ACTION ITEM:
Check every line of the entries for "union", and copy the lines that hold it.

SOURCE DATA:
definition coset_retraction :: "'a \<Rightarrow> 'a" where
  "coset_retraction y = inv (coset_rep y) \<otimes> y"

lemma coset_retraction_in_subgroup: "y \<in> carrier G \<Longrightarrow> coset_retraction y \<in> H"
  using subgroup.m_inv_closed[OF subgroup coset_rep_in_coset]
  by (simp add: coset_retraction_def inv_mult_group coset_rep_carrier)

lemma coset_retraction_mult:
  "y \<in> carrier G \<Longrightarrow> t \<in> H \<Longrightarrow> coset_retraction (y \<otimes> t) = coset_retraction y \<otimes> t"
  by (simp add: coset_retraction_def coset_rep_mult coset_rep_carrier subgroup_carrier m_assoc)

lemma measurable_coset_index: "coset_index k \<in> borel_of mtopology \<rightarrow>\<^sub>M count_space UNIV"
proof -
  have meets: "Measurable.pred (borel_of mtopology) (\<lambda>y. coset_meets y (dense_seq n) r)" for n r
    using borel_sets_openin[OF openin_coset_meets] by (simp add: pred_def topspace_mtopology)
  show ?thesis
  proof (induction k)
    case 0
    show ?case
      using meets by (simp add: measurable_Least)
  next
    case (Suc k)
    have "Measurable.pred (borel_of mtopology)
        (\<lambda>y. d (dense_seq n) (dense_seq (coset_index k y)) < (1/2)^k)" for n
      using measurable_compose[OF Suc.IH measurable_count_space,
          where g="\<lambda>i. d (dense_seq n) (dense_seq i) < (1/2)^k"] by simp
    then show ?case
      using meets by (simp add: measurable_Least pred_intros_logic)
  qed
qed

lemma measurable_coset_retraction: "coset_retraction \<in> borel_of mtopology \<rightarrow>\<^sub>M borel_of mtopology"
proof (rule measurable_limitin)
  show "(\<lambda>y. inv (coset_approx k y) \<otimes> y) \<in> borel_of mtopology \<rightarrow>\<^sub>M borel_of mtopology" for k
    unfolding coset_approx_def
    by (rule measurable_compose_countable'[OF _ measurable_coset_index])
       (auto intro: measurable_continuous_map continuous_map_mult_left dense_seq)
  show "limitin mtopology (\<lambda>k. inv (coset_approx k y) \<otimes> y) (coset_retraction y) sequentially"
    if "y \<in> space (borel_of mtopology)" for y
    using continuous_map_limit[OF continuous_map_inv_mult_right limitin_coset_rep] that
    by (simp add: coset_retraction_def o_def)
qed

end

section \<open>Transfer along a central retraction\<close>

locale central_retraction = group G for G :: "('a, 'b) monoid_scheme" (structure) +
  fixes H :: "'a set" and r :: "'a \<Rightarrow> 'a"
  assumes subgroup: "subgroup H G" and central: "H \<subseteq> group_center G"
    and retraction_in: "\<And>y. y \<in> carrier G \<Longrightarrow> r y \<in> H"
    and retraction_mult: "\<And>y t. y \<in> carrier G \<Longrightarrow> t \<in> H \<Longrightarrow> r (y \<otimes> t) = r y \<otimes> t"
begin

lemma subgroup_carrier [intro]: "t \<in> H \<Longrightarrow> t \<in> carrier G"
  using subgroup.mem_carrier[OF subgroup] .

lemma retraction_untranslate:
  assumes x: "x \<in> H" and g: "g \<in> carrier G" and h: "h \<in> carrier G"
  shows "r (inv g \<otimes> x \<otimes> inv h) = r (inv g \<otimes> inv h) \<otimes> x"
proof -
  have "x \<otimes> inv h = inv h \<otimes> x"
    using x central h by (auto simp: group_center_def)
  then have "inv g \<otimes> x \<otimes> inv h = inv g \<otimes> inv h \<otimes> x"
    using x g h by (simp add: m_assoc subgroup_carrier)
  then show ?thesis
    using retraction_mult[of "inv g \<otimes> inv h" x] x g h by simp
qed

lemma translate2_vimage_Int:
  assumes B: "B \<subseteq> H" and g: "g \<in> carrier G" and h: "h \<in> carrier G"
  shows "translate2 G g {y \<in> carrier G. r y \<in> B} h \<inter> H = translate2 G (inv (r (inv g \<otimes> inv h))) B \<one>"
proof -
  define c where "c = inv g \<otimes> inv h"
  have rc: "r c \<in> carrier G"
    using retraction_in[of c] g h by (auto simp: c_def)
  show ?thesis
  proof (intro equalityI subsetI)
    fix x assume "x \<in> translate2 G g {y \<in> carrier G. r y \<in> B} h \<inter> H"
    then obtain y where y: "y \<in> carrier G" "r y \<in> B" "x = g \<otimes> y \<otimes> h" and x: "x \<in> H"
      unfolding translate2_def by blast
    have "inv g \<otimes> x \<otimes> inv h = y"
      using g h y by (simp add: m_assoc[symmetric]) (simp add: m_assoc)
    then have "x = inv (r c) \<otimes> r y \<otimes> \<one>"
      using retraction_untranslate[OF x g h] rc x by (simp add: c_def m_assoc[symmetric] subgroup_carrier)
    then show "x \<in> translate2 G (inv (r (inv g \<otimes> inv h))) B \<one>"
      unfolding translate2_def c_def using y(2) by blast
  next
    fix x assume "x \<in> translate2 G (inv (r (inv g \<otimes> inv h))) B \<one>"
    then obtain b where b: "b \<in> B" "x = inv (r c) \<otimes> b \<otimes> \<one>"
      unfolding translate2_def c_def by blast
    have "b \<in> H"
      using b(1) B by blast
    then have x: "x \<in> H"
      using b(2) subgroup.m_closed[OF subgroup subgroup.m_inv_closed[OF subgroup retraction_in]] g h
      by (simp add: c_def subgroup_carrier)
    have "r (inv g \<otimes> x \<otimes> inv h) = b"
      using retraction_untranslate[OF x g h] b(2) rc \<open>b \<in> H\<close>
      by (simp add: c_def m_assoc[symmetric] subgroup_carrier)
    moreover have "x = g \<otimes> (inv g \<otimes> x \<otimes> inv h) \<otimes> h"
      using g h x by (simp add: m_assoc subgroup_carrier) (simp add: m_assoc[symmetric] subgroup_carrier)
    ultimately show "x \<in> translate2 G g {y \<in> carrier G. r y \<in> B} h \<inter> H"
      unfolding translate2_def using g h x b(1) by (auto simp: subgroup_carrier)
  qed
qed

lemma translate2_subgroup: "translate2 (G\<lparr>carrier := H\<rparr>) g B h = translate2 G g B h"
  by (simp add: translate2_def)

lemma left_translate_in_subgroup: "g \<in> carrier G \<Longrightarrow> h \<in> carrier G \<Longrightarrow> inv (r (inv g \<otimes> inv h)) \<in> H"
  by (simp add: retraction_in subgroup.m_inv_closed[OF subgroup])

context
  fixes T :: "'a topology"
  assumes topspace: "topspace T = carrier G"
    and H_borel: "H \<in> borel_sets T"
    and measurable: "r \<in> borel_of T \<rightarrow>\<^sub>M borel_of T"
begin

lemma borel_sets_vimage:
  assumes "B \<in> borel_sets (subtopology T H)"
  shows "B \<subseteq> H" and "{y \<in> carrier G. r y \<in> B} \<in> borel_sets T"
proof -
  have "B \<subseteq> H" and "B \<in> borel_sets T"
    using assms H_borel by (auto simp: borel_sets_subtopology)
  moreover have "{y \<in> carrier G. r y \<in> B} = r -` B \<inter> space (borel_of T)"
    by (auto simp: topspace)
  ultimately show "B \<subseteq> H" and "{y \<in> carrier G. r y \<in> B} \<in> borel_sets T"
    using measurable_sets[OF measurable] by auto
qed

lemma haar_null_vimage:
  assumes "haar_null (G\<lparr>carrier := H\<rparr>) (subtopology T H) N"
  shows "haar_null G T {y \<in> carrier G. r y \<in> N}"
proof -
  obtain B \<mu> where B: "B \<in> borel_sets (subtopology T H)" "N \<subseteq> B"
    and \<mu>: "sets \<mu> = borel_sets (subtopology T H)" "prob_space \<mu>"
    and null: "\<And>g h. g \<in> H \<Longrightarrow> h \<in> H \<Longrightarrow> emeasure \<mu> (translate2 G g B h) = 0"
    using assms unfolding haar_null_def translate2_subgroup by auto
  note space = space_measure_subtopology[OF \<mu>(1) H_borel]
    and inclusion = measurable_inclusion_subtopology[OF \<mu>(1) H_borel]
  show ?thesis
    unfolding haar_null_def
  proof (intro exI conjI ballI)
    show "{y \<in> carrier G. r y \<in> B} \<in> borel_sets T"
      by (rule borel_sets_vimage(2)[OF B(1)])
    show "{y \<in> carrier G. r y \<in> N} \<subseteq> {y \<in> carrier G. r y \<in> B}"
      using B(2) by blast
    show "sets (distr \<mu> (borel_of T) (\<lambda>x. x)) = borel_sets T"
      by simp
    show "prob_space (distr \<mu> (borel_of T) (\<lambda>x. x))"
      by (rule prob_space.prob_space_distr[OF \<mu>(2) inclusion])
    fix g h assume g: "g \<in> carrier G" and h: "h \<in> carrier G"
    let ?X = "translate2 G g {y \<in> carrier G. r y \<in> B} h"
    show "emeasure (distr \<mu> (borel_of T) (\<lambda>x. x)) ?X = 0"
    proof (cases "?X \<in> borel_sets T")
      case True
      then have "emeasure (distr \<mu> (borel_of T) (\<lambda>x. x)) ?X = emeasure \<mu> (?X \<inter> H)"
        using emeasure_distr[OF inclusion] space by simp
      also have "\<dots> = 0"
        using null[OF left_translate_in_subgroup[OF g h] subgroup.one_closed[OF subgroup]]
        by (simp add: translate2_vimage_Int[OF borel_sets_vimage(1)[OF B(1)] g h])
      finally show ?thesis .
    qed (simp add: emeasure_notin_sets)
  qed
qed

lemma haar_meager_vimage:
  assumes "haar_meager (G\<lparr>carrier := H\<rparr>) (subtopology T H) M"
  shows "haar_meager G T {y \<in> carrier G. r y \<in> M}"
proof -
  have "\<exists>B (K::real set) dK f. B \<in> borel_sets (subtopology T H) \<and> M \<subseteq> B
     \<and> Metric_space K dK \<and> K \<noteq> {} \<and> compact_space (Metric_space.mtopology K dK)
     \<and> continuous_map (Metric_space.mtopology K dK) (subtopology T H) f
     \<and> (\<forall>g\<in>H. \<forall>h\<in>H. meager_in (Metric_space.mtopology K dK) {x \<in> K. f x \<in> translate2 G g B h})"
    using assms by (simp add: haar_meager_def translate2_subgroup)
  then obtain B and K :: "real set" and dK f where B: "B \<in> borel_sets (subtopology T H)" "M \<subseteq> B"
    and K: "Metric_space K dK" "K \<noteq> {}" "compact_space (Metric_space.mtopology K dK)"
    and f: "continuous_map (Metric_space.mtopology K dK) (subtopology T H) f"
    and meager: "\<And>g h. g \<in> H \<Longrightarrow> h \<in> H \<Longrightarrow>
       meager_in (Metric_space.mtopology K dK) {x \<in> K. f x \<in> translate2 G g B h}"
    by blast
  have f_H: "f x \<in> H" if "x \<in> K" for x
    using continuous_map_image_subset_topspace[OF f] that Metric_space.topspace_mtopology[OF K(1)]
    by auto
  show ?thesis
    unfolding haar_meager_def
  proof (intro exI conjI ballI)
    show "{y \<in> carrier G. r y \<in> B} \<in> borel_sets T"
      by (rule borel_sets_vimage(2)[OF B(1)])
    show "{y \<in> carrier G. r y \<in> M} \<subseteq> {y \<in> carrier G. r y \<in> B}"
      using B(2) by blast
    show "continuous_map (Metric_space.mtopology K dK) T f"
      using f by (rule continuous_map_into_fulltopology)
    fix g h assume g: "g \<in> carrier G" and h: "h \<in> carrier G"
    have "{x \<in> K. f x \<in> translate2 G g {y \<in> carrier G. r y \<in> B} h}
        = {x \<in> K. f x \<in> translate2 G g {y \<in> carrier G. r y \<in> B} h \<inter> H}"
      using f_H by blast
    also have "\<dots> = {x \<in> K. f x \<in> translate2 G (inv (r (inv g \<otimes> inv h))) B \<one>}"
      by (simp only: translate2_vimage_Int[OF borel_sets_vimage(1)[OF B(1)] g h])
    finally show "meager_in (Metric_space.mtopology K dK) {x \<in> K. f x \<in> translate2 G g {y \<in> carrier G. r y \<in> B} h}"
      using meager[OF left_translate_in_subgroup[OF g h] subgroup.one_closed[OF subgroup]] by simp
  qed (use K in auto)
qed

lemma null_meager_decomposable_vimage:
  assumes "null_meager_decomposable (G\<lparr>carrier := H\<rparr>) (subtopology T H)"
  shows "null_meager_decomposable G T"
proof -
  obtain N M where H: "H = N \<union> M" and N: "haar_null (G\<lparr>carrier := H\<rparr>) (subtopology T H) N"
    and M: "haar_meager (G\<lparr>carrier := H\<rparr>) (subtopology T H) M"
    using assms unfolding null_meager_decomposable_def by auto
  have "carrier G = {y \<in> carrier G. r y \<in> N} \<union> {y \<in> carrier G. r y \<in> M}"
    using retraction_in H by auto
  with haar_null_vimage[OF N] haar_meager_vimage[OF M] show ?thesis
    unfolding null_meager_decomposable_def by blast
qed

end

end

lemma (in polish_group_closed_subgroup) null_meager_decomposable_if_central:
  assumes "H \<subseteq> group_center G"
    and "null_meager_decomposable (G\<lparr>carrier := H\<rparr>) (subtopology mtopology H)"
  shows "null_meager_decomposable G mtopology"
proof -
  have "central_retraction G H coset_retraction"
    by (intro central_retraction.intro central_retraction_axioms.intro is_group subgroup assms(1)
        coset_retraction_in_subgroup coset_retraction_mult)
  then interpret central_retraction G H coset_retraction .
  show ?thesis
    using assms(2) closed measurable_coset_retraction
    by (intro null_meager_decomposable_vimage) (auto simp: borel_sets_closedin)
qed

lemma null_meager_decomposable_polish_group:
  assumes "polish_group G T" and "subgroup H G" and "closedin T H" and "H \<subseteq> group_center G"
    and "null_meager_decomposable (G\<lparr>carrier := H\<rparr>) (subtopology T H)"
  shows "null_meager_decomposable G T"
proof -
  obtain M d where "Metric_space M d" "Metric_space.mcomplete M d" and T: "T = Metric_space.mtopology M d"
    using assms(1) unfolding polish_group_def completely_metrizable_space_def by blast
  moreover have M: "M = carrier G"
    using assms(1) calculation by (simp add: polish_group_def Metric_space.topspace_mtopology)
  ultimately have "polish_group_closed_subgroup G d H"
    using assms(1-3) unfolding polish_group_def
    by (intro polish_group_closed_subgroup.intro polish_metric_group.intro polish_metric_group_axioms.intro
        polish_group_closed_subgroup_axioms.intro) auto
  then interpret polish_group_closed_subgroup G d H .
  show ?thesis
    using null_meager_decomposable_if_central assms(4,5) T M by simp
qed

ANSWER BOX:
  obtain N M where H: "H = N \<union> M" and N: "haar_null (G\<lparr>carrier := H\<rparr>) (subtopology T H) N"
  have "carrier G = {y \<in> carrier G. r y \<in> N} \<union> {y \<in> carrier G. r y \<in> M}"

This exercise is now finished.